To illustrate the problem of joint compression of texture and depth, let us consider the following two cases. First, assume that the texture and depth images are compressed at very high and low quality, respectively. In this case, detailed texture is mapped onto a coarse approximation of object surfaces, which thus yields rendering artifacts. Alternatively, when texture and depth images are compressed at low and high quality, respectively, a high-quality depth image is employed to warp a coarsely quantized texture image, which also yields low-quality rendering. These two simple but extreme cases illustrate that a clear dependence exists between the texture- and depth-quality setting. It goes without saying that this dependency exists in the general case as well. Consequently, the quantization setting for both the depth and texture images should be carefully selected. For this reason, we address in this chapter, the following problem statement:

*given a maximum bit-rate budget to represent the 3D scene, what is the optimal distribution of the bit rate over the texture and the depth image, such that the 3D rendering distortion is minimized?*

To answer this question, we propose a new compression algorithm with a bit-rate control that unifies the texture and depth Rate-Distortion (R-D) functions. The attractiveness of the algorithm is that both depth and texture data are simultaneously combined into a joint R-D surface model that calculates the optimal bit allocation between texture and depth. We discuss the optimization of the performance of the joint coding algorithm using a slightly extended H.264/MPEG-4 AVC encoder, where the extension involves a joint bit-allocation algorithm. However, note that the proposed extension can be employed as an addition to any encoder, e.g., H.264/MPEG-4 AVC, JPEG-2000 or even a platelet-based encoder. Additionally, we have found that our joint model can be readily integrated as a practical sub-system, because it influences the *setting* of the compression system rather than the actual coding *algorithm*. As a bonus, this optimal setting is obtained with a limited computation effort.

The remainder of this chapter is structured as follows. Section 7.2 formulates the framework of the joint bit allocation of texture and depth. Section 7.3 describes a fast hierarchical optimization algorithm. Section 7.4 discusses the relationship between the depth and texture bit rate and Section 7.5 presents the possible applications of the proposed algorithm. Experimental results are provided in Section 7.6 and the chapter concludes with Section 7.7.

In this section, we first present a joint bit-allocation analysis of depth and texture and afterwards, we provide an experimental analysis of the two-dimensional R-D model to enable a fast search algorithm for estimating the optimal quantization parameters.

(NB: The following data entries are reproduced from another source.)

lemma gaussian_integral_vec:
  fixes w :: "complex^'n::finite"
  shows "has_bochner_integral lborel (\<lambda>y::real^'n. exp (bil w (cvec y) - of_real (y \<bullet> y) / 2))
           (of_real (sqrt (2*pi) ^ CARD('n)) * exp (bil w w / 2))"
proof -
  define W where "W b = bil w (cvec b)" for b :: "real^'n"
  have W_axis: "W (axis i 1) = w $ i" for i
    unfolding W_def bil_def cvec_def axis_def by (simp add: if_distrib cong: if_cong)
  have integrand: "(\<Prod>b\<in>Basis. exp (W b * of_real (y \<bullet> b) - of_real ((y \<bullet> b)\<^sup>2) / 2))
        = exp (bil w (cvec y) - of_real (y \<bullet> y) / 2)" for y :: "real^'n"
  proof -
    have "(\<Prod>b\<in>Basis. exp (W b * of_real (y \<bullet> b) - of_real ((y \<bullet> b)\<^sup>2) / 2))
        = (\<Prod>i\<in>UNIV. exp (w $ i * of_real (y $ i) - of_real ((y $ i)\<^sup>2) / 2))"
      by (simp add: prod_Basis_vec_real W_axis inner_axis)
    also have "\<dots> = exp (\<Sum>i\<in>UNIV. w $ i * of_real (y $ i) - of_real ((y $ i)\<^sup>2) / 2)"
      by (simp add: exp_sum)
    also have "(\<Sum>i\<in>UNIV. w $ i * of_real (y $ i) - of_real ((y $ i)\<^sup>2) / 2)
       = bil w (cvec y) - of_real (y \<bullet> y) / 2"
      by (simp add: bil_def cvec_def inner_vec_def sum_subtractf sum_divide_distrib power2_eq_square)
    finally show ?thesis .
  qed
  have total: "(\<Prod>b\<in>(Basis :: (real^'n) set). complex_of_real (sqrt (2*pi)) * exp ((W b)\<^sup>2 / 2))
      = of_real (sqrt (2*pi) ^ CARD('n)) * exp (bil w w / 2)"
  proof -
    have "(\<Prod>b\<in>(Basis :: (real^'n) set). complex_of_real (sqrt (2*pi)) * exp ((W b)\<^sup>2 / 2))
       = (\<Prod>i\<in>UNIV. complex_of_real (sqrt (2*pi)) * exp ((w $ i)\<^sup>2 / 2))"
      by (simp add: prod_Basis_vec_real W_axis)
    also have "\<dots> = of_real (sqrt (2*pi) ^ CARD('n)) * exp (\<Sum>i\<in>UNIV. (w $ i)\<^sup>2 / 2)"
      by (simp add: prod.distrib exp_sum)
    also have "(\<Sum>i\<in>UNIV. (w $ i)\<^sup>2 / 2) = bil w w / 2"
      by (simp add: bil_def sum_divide_distrib power2_eq_square)
    finally show ?thesis .
  qed
  show ?thesis
    using has_bochner_integral_lborel_prod_Basis[OF gaussian_integral_complex, of W]
    unfolding integrand total .
qed

lemma bil_add_left: "bil (a + b) c = bil a c + bil b c"
  by (simp add: bil_def sum.distrib algebra_simps)
lemma bil_add_right: "bil a (b + c) = bil a b + bil a c"
  by (simp add: bil_def sum.distrib algebra_simps)
lemma bil_diff_left: "bil (a - b) c = bil a c - bil b c"
  by (simp add: bil_def sum_subtractf algebra_simps)
lemma bil_diff_right: "bil a (b - c) = bil a b - bil a c"
  by (simp add: bil_def sum_subtractf algebra_simps)
lemma bil_scale_left: "bil (k *s a) c = k * bil a c"
  by (simp add: bil_def sum_distrib_left algebra_simps)
lemma bil_scale_right: "bil a (k *s c) = k * bil a c"
  by (simp add: bil_def sum_distrib_left algebra_simps)
lemma bil_comm: "bil a b = bil b a"
  by (simp add: bil_def mult.commute)
lemma cvec_diff: "cvec (x - y) = cvec x - cvec y"
  by (simp add: cvec_def vec_eq_iff)
lemma cvec_scale: "cvec (r *\<^sub>R x) = of_real r *s cvec x"
  by (simp add: cvec_def vec_eq_iff)
lemma bil_cvec: "bil (cvec x) (cvec y) = of_real (x \<bullet> y)"
  by (simp add: bil_def cvec_def inner_vec_def)
(* Let $0<q_1<q_2<1$, $a,b,c\in\mathbb{R}$, and consider the complex-valued function $$\Delta(s)=s^{q_1+q_2}+as^{q_2}+bs^{q_1}+c,$$ where $s^{q_1},s^{q_2},s^{q_1+q_2}$ are principal values of the complex power functions. 1. If $c<0$, then $\Delta(s)$ has at least one positive real root. 2. $\Delta(0)=0$ if and only if $c=0$. 3. Assume $c>0$, and let $a^\star_{c,q_1,q_2}:\mathbb{R}\to\mathbb{R}$ be the function whose graph (in the $(b,a)$-plane) is the curve $b=\rho_1\omega^{q_2}-c\rho_2\omega^{-q_1}$, $a=c\rho_1\omega^{-q_2}-\rho_2\omega^{q_1}$, $\omega>0$, where $\rho_1=\sin\frac{q_1\pi}{2}/\sin\frac{(q_2-q_1)\pi}{2}$ and $\rho_2=\sin\frac{q_2\pi}{2}/\sin\frac{(q_2-q_1)\pi}{2}$; write $a^\star(b,c,q_1,q_2)=a^\star_{c,q_1,q_2}(b)$. Then: (a) if $a\ge 0$ and $b\ge 0$, all roots of $\Delta(s)$ satisfy $\Re(s)<0$; (b) $\Delta(s)$ has a pair of pure imaginary roots if and only if $a=a^\star(b,c,q_1,q_2)$; (c) if $s=s(a,b,c,q_1,q_2)$ is a root of $\Delta(s)$, depending differentiably on $a$, such that $\Re(s(a^\star,b,c,q_1,q_2))=0$ where $a^\star=a^\star(b,c,q_1,q_2)$, then the transversality condition $\frac{\partial \Re(s)}{\partial a}\big|_{a=a^\star}<0$ holds; (d) all roots of $\Delta(s)$ are in the open left half-plane if and only if $a>a^\star(b,c,q_1,q_2)$; (e) $\Delta(s)$ has a pair of roots in the open right half-plane if and only if $a<a^\star(b,c,q_1,q_2)$.
   Context: Principal value: $s^{q}=|s|^q e^{iq\arg(s)}$ with $\arg(s)\in(-\pi,\pi]$ (and $0^q=0$). The curve described in part 3 is the graph of a bijective decreasing function $\mathbb{R}\to\mathbb{R}$, so $a^\star_{c,q_1,q_2}$ is well defined. *)

theory Defs
  imports "HOL-Analysis.Analysis"
begin

text \<open>Characteristic function with principal complex powers
  (complex powr: 0 powr w = 0, otherwise exp (w * Ln z), Ln principal).\<close>
definition Delta :: "real \<Rightarrow> real \<Rightarrow> real \<Rightarrow> real \<Rightarrow> real \<Rightarrow> complex \<Rightarrow> complex" where
  "Delta q1 q2 a b c s =
     s powr (complex_of_real (q1 + q2)) + complex_of_real a * s powr (complex_of_real q2)
     + complex_of_real b * s powr (complex_of_real q1) + complex_of_real c"

definition rho1 :: "real \<Rightarrow> real \<Rightarrow> real" where
  "rho1 q1 q2 = sin (q1 * pi / 2) / sin ((q2 - q1) * pi / 2)"

definition rho2 :: "real \<Rightarrow> real \<Rightarrow> real" where
  "rho2 q1 q2 = sin (q2 * pi / 2) / sin ((q2 - q1) * pi / 2)"

definition astar :: "real \<Rightarrow> real \<Rightarrow> real \<Rightarrow> real \<Rightarrow> real" where
  "astar b c q1 q2 = (THE a. \<exists>\<omega>>0.
      b = rho1 q1 q2 * \<omega> powr q2 - c * rho2 q1 q2 * \<omega> powr (- q1) \<and>
      a = c * rho1 q1 q2 * \<omega> powr (- q2) - rho2 q1 q2 * \<omega> powr q1)"

end

theory Submission
  imports Defs "HOL-Real_Asymp.Real_Asymp"
begin

text \<open>For \<open>s \<noteq> 0\<close> one has \<open>Delta s = s powr q2 * (a - G s)\<close> with
  \<open>G s = - (s powr q1 + b * s powr (q1 - q2) + c * s powr (- q2))\<close>, so the roots are the solutions
  of \<open>G s = a\<close>. In polar coordinates \<open>G (rcis r t) = X r t - \<i> * r powr (q1 - q2) * H r t\<close>. For
  \<open>0 < t < pi\<close> the function \<open>H \<cdot> t\<close> is strictly increasing in \<open>r\<close> with a unique zero \<open>radius t\<close>, and
  \<open>a_at t = X (radius t) t\<close> is strictly increasing in \<open>t\<close> by the Cauchy--Riemann equations; on the
  positive real axis \<open>X r 0\<close> stays below the limit of \<open>a_at\<close> at \<open>0\<close>. A root with \<open>Re s \<ge> 0\<close>
  has \<open>\<bar>arg s\<bar> \<le> pi / 2\<close> and therefore forces \<open>a \<le> a_at (pi / 2) = a\<^sup>\<star>\<close>, with equality only
  for the imaginary pair \<open>\<plusminus> \<i> * radius (pi / 2)\<close>; conversely every \<open>a < a\<^sup>\<star>\<close> is attained at an
  angle in \<open>(0, pi / 2)\<close> or on the positive real axis. Differentiating \<open>G (s a) = a\<close> gives
  \<open>s' = 1 / G' s\<close>, and \<open>Re (G' s) < 0\<close> at imaginary roots. For \<open>c < 0\<close> a positive root exists by
  the intermediate value theorem.\<close>

lemma rcis_powr_of_real:
  assumes "r > 0" "t \<in> {-pi<..pi}"
  shows "rcis r t powr complex_of_real q = rcis (r powr q) (q * t)"
proof -
  have "rcis r t powr complex_of_real q = exp (complex_of_real q * Complex (ln r) t)"
    using assms by (simp add: powr_def Ln_rcis)
  also have "\<dots> = exp (complex_of_real (q * ln r)) * exp (\<i> * complex_of_real (q * t))"
    by (simp add: Complex_eq exp_add[symmetric] algebra_simps)
  also have "\<dots> = rcis (r powr q) (q * t)"
    using assms by (simp add: rcis_def cis_conv_exp powr_def exp_of_real[symmetric])
  finally show ?thesis .
qed

lemma cnj_rcis: "cnj (rcis r t) = rcis r (- t)"
  by (simp add: rcis_def cis_cnj)

lemma rcis_pi_half: "rcis r (pi / 2) = \<i> * complex_of_real r" "rcis r (- (pi / 2)) = - \<i> * complex_of_real r"
  by (simp_all add: rcis_def mult.commute)

lemma MVT_between:
  fixes f f' :: "real \<Rightarrow> real"
  assumes "\<And>z. min x y \<le> z \<Longrightarrow> z \<le> max x y \<Longrightarrow> (f has_real_derivative f' z) (at z)"
  shows "\<exists>z. min x y \<le> z \<and> z \<le> max x y \<and> f y - f x = (y - x) * f' z"
proof (cases x y rule: linorder_cases)
  case less
  then show ?thesis
    using MVT2[of x y f f'] assms by (auto intro: less_imp_le)
next
  case greater
  then obtain z where "y < z" "z < x" "f x - f y = (x - y) * f' z"
    using MVT2[of y x f f'] assms by auto
  then show ?thesis
    using greater by (intro exI[of _ z]) (auto simp: algebra_simps)
qed auto

lemma IVT_pos_reals:
  fixes f :: "real \<Rightarrow> real"
  assumes "continuous_on {0<..} f" "x > 0" "y > 0" "f x \<le> v" "v \<le> f y"
  shows "\<exists>z>0. f z = v"
proof -
  have cont: "continuous_on {min x y..max x y} f"
    using assms(1) by (rule continuous_on_subset) (use assms(2,3) in auto)
  obtain z where "min x y \<le> z" "f z = v"
  proof (cases "x \<le> y")
    case True
    then show ?thesis using IVT'[of f x v y] cont assms(4,5) that by auto
  next
    case False
    then show ?thesis using IVT2'[where f = f and a = y and b = x and y = v] cont assms(4,5) that by auto
  qed
  moreover have "min x y > 0" using assms(2,3) by simp
  ultimately show ?thesis by (intro exI[of _ z]) auto
qed

lemma IVT_pos_reals_eventually:
  fixes f :: "real \<Rightarrow> real"
  assumes "continuous_on {0<..} f"
    and "\<forall>\<^sub>F x in at_right 0. f x < v" and "\<forall>\<^sub>F x in at_top. f x > v"
  shows "\<exists>z>0. f z = v"
proof -
  have "\<forall>\<^sub>F x in at_right 0. x > 0 \<and> f x < v"
    using assms(2) by (intro eventually_conj) (simp_all add: eventually_at_right_less)
  then obtain x where "x > 0" "f x < v"
    using eventually_happens[of _ "at_right (0::real)"] by auto
  moreover have "\<forall>\<^sub>F x in at_top. x > 0 \<and> f x > v"
    using assms(3) by (intro eventually_conj) (simp_all add: eventually_gt_at_top)
  then obtain y where "y > 0" "f y > v"
    using eventually_happens[of _ "at_top :: real filter"] by auto
  ultimately show ?thesis
    using IVT_pos_reals[OF assms(1), of x y v] by simp
qed

lemma powr_difference_strict_mono:
  fixes \<alpha> \<beta> \<gamma> p q :: real
  assumes "\<alpha> > 0" "\<beta> > 0" "p > 0" "q > 0"
  shows "strict_mono_on {0<..} (\<lambda>x. \<alpha> * x powr p - \<beta> * x powr (- q) - \<gamma>)"
proof (rule strict_mono_onI)
  fix x y :: real assume "x \<in> {0<..}" "x < y"
  then have "x powr p < y powr p" "y powr (- q) < x powr (- q)"
    using assms by (simp_all add: powr_less_mono2 powr_less_mono2_neg)
  then show "\<alpha> * x powr p - \<beta> * x powr (- q) - \<gamma> < \<alpha> * y powr p - \<beta> * y powr (- q) - \<gamma>"
    using assms by (intro diff_strict_right_mono diff_strict_mono mult_strict_left_mono)
qed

Let us consider the problem of jointly coding a texture and depth image at a maximum rate \(R_{max}\) with minimum rendering distortion \(D_{render}\). The rate \(R_{max}\) and distortion \(D_{render}\) functions can be defined as follows. First, the maximum rate value \(R_{max}\) is decomposed into the sum of the individual rates required for texture and depth coding. Because the texture and depth images are coded with two different quantizer settings (denoted \(q_t\) and \(q_d\), respectively), the texture and depth rate functions can be written as \(R_t(q_t)\) and \(R_d(q_d)\), respectively. The joint rate function can therefore be specified as \[R_{max}(q_t,q_d)=R_t(q_t) + R_d(q_d).\] Second, the rendering distortion function \(D_{render}\) depends on the image rendering algorithm. The rendering algorithm relies on the quality of the input texture and depth images and therefore on the quantization parameters \(q_t\) and \(q_d\). Consequently, as there is one rendering quality, we define a joint rendering distortion as \(D_{render}(q_t,q_d)\).

The goal of the joint bit-allocation optimization is to determine the optimal quantization parameters \((q_t^{opt},q_d^{opt})\) for coding the depth and texture images, such that the rendering distortion is minimized. The optimization problem can now be formulated as finding the minimum of the rendering distortion, hence \[(q_t^{opt},q_d^{opt})={\mathop{\textrm arg\, min}}_{q_d,q_t \in Q} D_{render}(q_t,q_d), \label{eq:OptQuantizationParameters}\] under the constraint that the joint bit rate is bounded to \(R_{max}\), so that \[R_t(q_t^{opt})+R_d(q_d^{opt}) \le R_{max},\] where \(Q\) denotes the set of all possible quantizer settings. Without prior assumption, the solution to Equation (7.2) involves an exhaustive search over \(Q\), in order to find the quantization setting with minimum distortion. Fortunately, a more efficient search can be performed by exploiting special properties of the R-D function. For example, assuming a smooth monotonic R-D surface model, hierarchical optimization techniques can be employed to find the best setting. Therefore, prior to investigating fast search algorithms, we provide a performance-point analysis of the R-D function to validate the smoothness of the surface.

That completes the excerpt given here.